TASK INPUTS:
lemma symmetric_derivative_zeros_near_kernel:
  fixes g H :: "'a::euclidean_space \<Rightarrow> 'a"
  assumes gH: "(g has_derivative H) (at 0)" and "g 0 = 0"
    and "r > 0" and cont: "continuous_on (ball 0 r) g"
    and sym: "\<And>x y. H x \<bullet> y = x \<bullet> H y"
  obtains \<epsilon> where "\<epsilon> > 0"
    and "\<And>p. H p = 0 \<Longrightarrow> norm p < \<epsilon> \<Longrightarrow>
           \<exists>w \<in> orthogonal_comp {v. H v = 0}. norm w \<le> norm p \<and> norm (p + w) < r \<and> H (g (p + w)) = 0"
proof -
  obtain \<eta> where "\<eta> > 0" and perturb: "\<And>g \<delta> p. continuous_on (ball 0 \<delta>) g \<Longrightarrow>
      (\<And>y. norm y < \<delta> \<Longrightarrow> norm (g y - H y) \<le> \<eta> * norm y) \<Longrightarrow> H p = 0 \<Longrightarrow> 2 * norm p < \<delta> \<Longrightarrow>
      \<exists>w \<in> orthogonal_comp {v. H v = 0}. norm w \<le> norm p \<and> H (g (p + w)) = 0"
    using symmetric_linear_kernel_perturbation[OF has_derivative_linear[OF gH] sym] by blast
  obtain d where "d > 0" and d: "\<And>y. norm y < d \<Longrightarrow> norm (g y - H y) \<le> \<eta> * norm y"
    using gH \<open>\<eta> > 0\<close> \<open>g 0 = 0\<close> unfolding has_derivative_at_alt by force
  define \<delta> where "\<delta> = min d r"
  have "continuous_on (ball 0 \<delta>) g"
    using cont by (rule continuous_on_subset) (auto simp: \<delta>_def)
  moreover have "norm (g y - H y) \<le> \<eta> * norm y" if "norm y < \<delta>" for y
    using d that by (simp add: \<delta>_def)
  ultimately have zeros: "\<exists>w \<in> orthogonal_comp {v. H v = 0}. norm w \<le> norm p \<and> H (g (p + w)) = 0"
    if "H p = 0" "2 * norm p < \<delta>" for p
    using perturb that by blast
  show thesis
  proof (rule that[of "\<delta> / 2"])
    show "\<delta> / 2 > 0"
      using \<open>d > 0\<close> \<open>r > 0\<close> by (simp add: \<delta>_def)
    fix p assume "H p = 0" "norm p < \<delta> / 2"
    then obtain w where "w \<in> orthogonal_comp {v. H v = 0}" "norm w \<le> norm p" "H (g (p + w)) = 0"
      using zeros by fastforce
    moreover have "norm (p + w) < r"
      using norm_triangle_ineq[of p w] \<open>norm w \<le> norm p\<close> \<open>norm p < \<delta> / 2\<close> by (simp add: \<delta>_def)
    ultimately show "\<exists>w \<in> orthogonal_comp {v. H v = 0}. norm w \<le> norm p \<and> norm (p + w) < r \<and> H (g (p + w)) = 0"
      by blast
  qed
qed

theorem lemma2p3:
  fixes u :: "'a::euclidean_space \<Rightarrow> real" and \<Omega> :: "'a set"
  assumes "open \<Omega>" and "0 \<in> \<Omega>"
    and "\<forall>x\<in>\<Omega>. twice_differentiable_at u x"
    and "grad u 0 = 0"
  defines "K \<equiv> {v. hess u 0 v = 0}"
  defines "Proj \<equiv> orth_proj (orthogonal_comp K)"
  shows "\<exists>\<epsilon>>0. \<exists>C. \<forall>p \<in> ball 0 \<epsilon> \<inter> K.
           \<exists>q \<in> cball 0 (C * norm p) \<inter> {p + w | w. w \<in> orthogonal_comp K}.
             q \<in> \<Omega> \<and> Proj (grad u q) = 0"
proof -
  have twice: "twice_differentiable_at u x" if "x \<in> \<Omega>" for x
    using assms(3) that by blast
  obtain r where "r > 0" and r: "ball 0 r \<subseteq> \<Omega>"
    using \<open>open \<Omega>\<close> \<open>0 \<in> \<Omega>\<close> openE by blast
  have K: "{v. hess u 0 v = 0} = K"
    by (simp add: K_def)
  have "continuous_on (ball 0 r) (grad u)"
    using r twice by (intro continuous_on_grad) blast
  then obtain \<epsilon> where "\<epsilon> > 0" and zeros: "\<And>p. hess u 0 p = 0 \<Longrightarrow> norm p < \<epsilon> \<Longrightarrow>
      \<exists>w \<in> orthogonal_comp K. norm w \<le> norm p \<and> norm (p + w) < r \<and> hess u 0 (grad u (p + w)) = 0"
    using symmetric_derivative_zeros_near_kernel[OF has_derivative_hess[OF twice[OF \<open>0 \<in> \<Omega>\<close>]]
        \<open>grad u 0 = 0\<close> \<open>r > 0\<close> _ hess_symmetric[OF twice[OF \<open>0 \<in> \<Omega>\<close>]], unfolded K]
    by blast
  have Proj_0: "Proj x = 0" if "x \<in> K" for x
    unfolding Proj_def using that orthogonal_comp_subset[of K]
    by (intro orth_proj_eq_0 subspace_orthogonal_comp) auto
  show ?thesis
  proof (rule exI[of _ \<epsilon>], intro conjI \<open>\<epsilon> > 0\<close> exI[of _ "2 :: real"] ballI)
    fix p assume "p \<in> ball 0 \<epsilon> \<inter> K"
    then obtain w where "w \<in> orthogonal_comp K" "norm w \<le> norm p" "norm (p + w) < r"
      and "grad u (p + w) \<in> K"
      using zeros unfolding K[symmetric] by fastforce
    then have "p + w \<in> cball 0 (2 * norm p) \<inter> {p + w | w. w \<in> orthogonal_comp K}"
      and "p + w \<in> \<Omega> \<and> Proj (grad u (p + w)) = 0"
      using norm_triangle_ineq[of p w] r Proj_0 by auto
    then show "\<exists>q \<in> cball 0 (2 * norm p) \<inter> {p + w | w. w \<in> orthogonal_comp K}.
        q \<in> \<Omega> \<and> Proj (grad u q) = 0"
      by blast
  qed
qed

end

TASK INSTRUCTIONS: The entries above are to be copied word for word.

EXPECTED OUTPUT:
lemma symmetric_derivative_zeros_near_kernel:
  fixes g H :: "'a::euclidean_space \<Rightarrow> 'a"
  assumes gH: "(g has_derivative H) (at 0)" and "g 0 = 0"
    and "r > 0" and cont: "continuous_on (ball 0 r) g"
    and sym: "\<And>x y. H x \<bullet> y = x \<bullet> H y"
  obtains \<epsilon> where "\<epsilon> > 0"
    and "\<And>p. H p = 0 \<Longrightarrow> norm p < \<epsilon> \<Longrightarrow>
           \<exists>w \<in> orthogonal_comp {v. H v = 0}. norm w \<le> norm p \<and> norm (p + w) < r \<and> H (g (p + w)) = 0"
proof -
  obtain \<eta> where "\<eta> > 0" and perturb: "\<And>g \<delta> p. continuous_on (ball 0 \<delta>) g \<Longrightarrow>
      (\<And>y. norm y < \<delta> \<Longrightarrow> norm (g y - H y) \<le> \<eta> * norm y) \<Longrightarrow> H p = 0 \<Longrightarrow> 2 * norm p < \<delta> \<Longrightarrow>
      \<exists>w \<in> orthogonal_comp {v. H v = 0}. norm w \<le> norm p \<and> H (g (p + w)) = 0"
    using symmetric_linear_kernel_perturbation[OF has_derivative_linear[OF gH] sym] by blast
  obtain d where "d > 0" and d: "\<And>y. norm y < d \<Longrightarrow> norm (g y - H y) \<le> \<eta> * norm y"
    using gH \<open>\<eta> > 0\<close> \<open>g 0 = 0\<close> unfolding has_derivative_at_alt by force
  define \<delta> where "\<delta> = min d r"
  have "continuous_on (ball 0 \<delta>) g"
    using cont by (rule continuous_on_subset) (auto simp: \<delta>_def)
  moreover have "norm (g y - H y) \<le> \<eta> * norm y" if "norm y < \<delta>" for y
    using d that by (simp add: \<delta>_def)
  ultimately have zeros: "\<exists>w \<in> orthogonal_comp {v. H v = 0}. norm w \<le> norm p \<and> H (g (p + w)) = 0"
    if "H p = 0" "2 * norm p < \<delta>" for p
    using perturb that by blast
  show thesis
  proof (rule that[of "\<delta> / 2"])
    show "\<delta> / 2 > 0"
      using \<open>d > 0\<close> \<open>r > 0\<close> by (simp add: \<delta>_def)
    fix p assume "H p = 0" "norm p < \<delta> / 2"
    then obtain w where "w \<in> orthogonal_comp {v. H v = 0}" "norm w \<le> norm p" "H (g (p + w)) = 0"
      using zeros by fastforce
    moreover have "norm (p + w) < r"
      using norm_triangle_ineq[of p w] \<open>norm w \<le> norm p\<close> \<open>norm p < \<delta> / 2\<close> by (simp add: \<delta>_def)
    ultimately show "\<exists>w \<in> orthogonal_comp {v. H v = 0}. norm w \<le> norm p \<and> norm (p + w) < r \<and> H (g (p + w)) = 0"
      by blast
  qed
qed

theorem lemma2p3:
  fixes u :: "'a::euclidean_space \<Rightarrow> real" and \<Omega> :: "'a set"
  assumes "open \<Omega>" and "0 \<in> \<Omega>"
    and "\<forall>x\<in>\<Omega>. twice_differentiable_at u x"
    and "grad u 0 = 0"
  defines "K \<equiv> {v. hess u 0 v = 0}"
  defines "Proj \<equiv> orth_proj (orthogonal_comp K)"
  shows "\<exists>\<epsilon>>0. \<exists>C. \<forall>p \<in> ball 0 \<epsilon> \<inter> K.
           \<exists>q \<in> cball 0 (C * norm p) \<inter> {p + w | w. w \<in> orthogonal_comp K}.
             q \<in> \<Omega> \<and> Proj (grad u q) = 0"
proof -
  have twice: "twice_differentiable_at u x" if "x \<in> \<Omega>" for x
    using assms(3) that by blast
  obtain r where "r > 0" and r: "ball 0 r \<subseteq> \<Omega>"
    using \<open>open \<Omega>\<close> \<open>0 \<in> \<Omega>\<close> openE by blast
  have K: "{v. hess u 0 v = 0} = K"
    by (simp add: K_def)
  have "continuous_on (ball 0 r) (grad u)"
    using r twice by (intro continuous_on_grad) blast
  then obtain \<epsilon> where "\<epsilon> > 0" and zeros: "\<And>p. hess u 0 p = 0 \<Longrightarrow> norm p < \<epsilon> \<Longrightarrow>
      \<exists>w \<in> orthogonal_comp K. norm w \<le> norm p \<and> norm (p + w) < r \<and> hess u 0 (grad u (p + w)) = 0"
    using symmetric_derivative_zeros_near_kernel[OF has_derivative_hess[OF twice[OF \<open>0 \<in> \<Omega>\<close>]]
        \<open>grad u 0 = 0\<close> \<open>r > 0\<close> _ hess_symmetric[OF twice[OF \<open>0 \<in> \<Omega>\<close>]], unfolded K]
    by blast
  have Proj_0: "Proj x = 0" if "x \<in> K" for x
    unfolding Proj_def using that orthogonal_comp_subset[of K]
    by (intro orth_proj_eq_0 subspace_orthogonal_comp) auto
  show ?thesis
  proof (rule exI[of _ \<epsilon>], intro conjI \<open>\<epsilon> > 0\<close> exI[of _ "2 :: real"] ballI)
    fix p assume "p \<in> ball 0 \<epsilon> \<inter> K"
    then obtain w where "w \<in> orthogonal_comp K" "norm w \<le> norm p" "norm (p + w) < r"
      and "grad u (p + w) \<in> K"
      using zeros unfolding K[symmetric] by fastforce
    then have "p + w \<in> cball 0 (2 * norm p) \<inter> {p + w | w. w \<in> orthogonal_comp K}"
      and "p + w \<in> \<Omega> \<and> Proj (grad u (p + w)) = 0"
      using norm_triangle_ineq[of p w] r Proj_0 by auto
    then show "\<exists>q \<in> cball 0 (2 * norm p) \<inter> {p + w | w. w \<in> orthogonal_comp K}.
        q \<in> \<Omega> \<and> Proj (grad u q) = 0"
      by blast
  qed
qed

end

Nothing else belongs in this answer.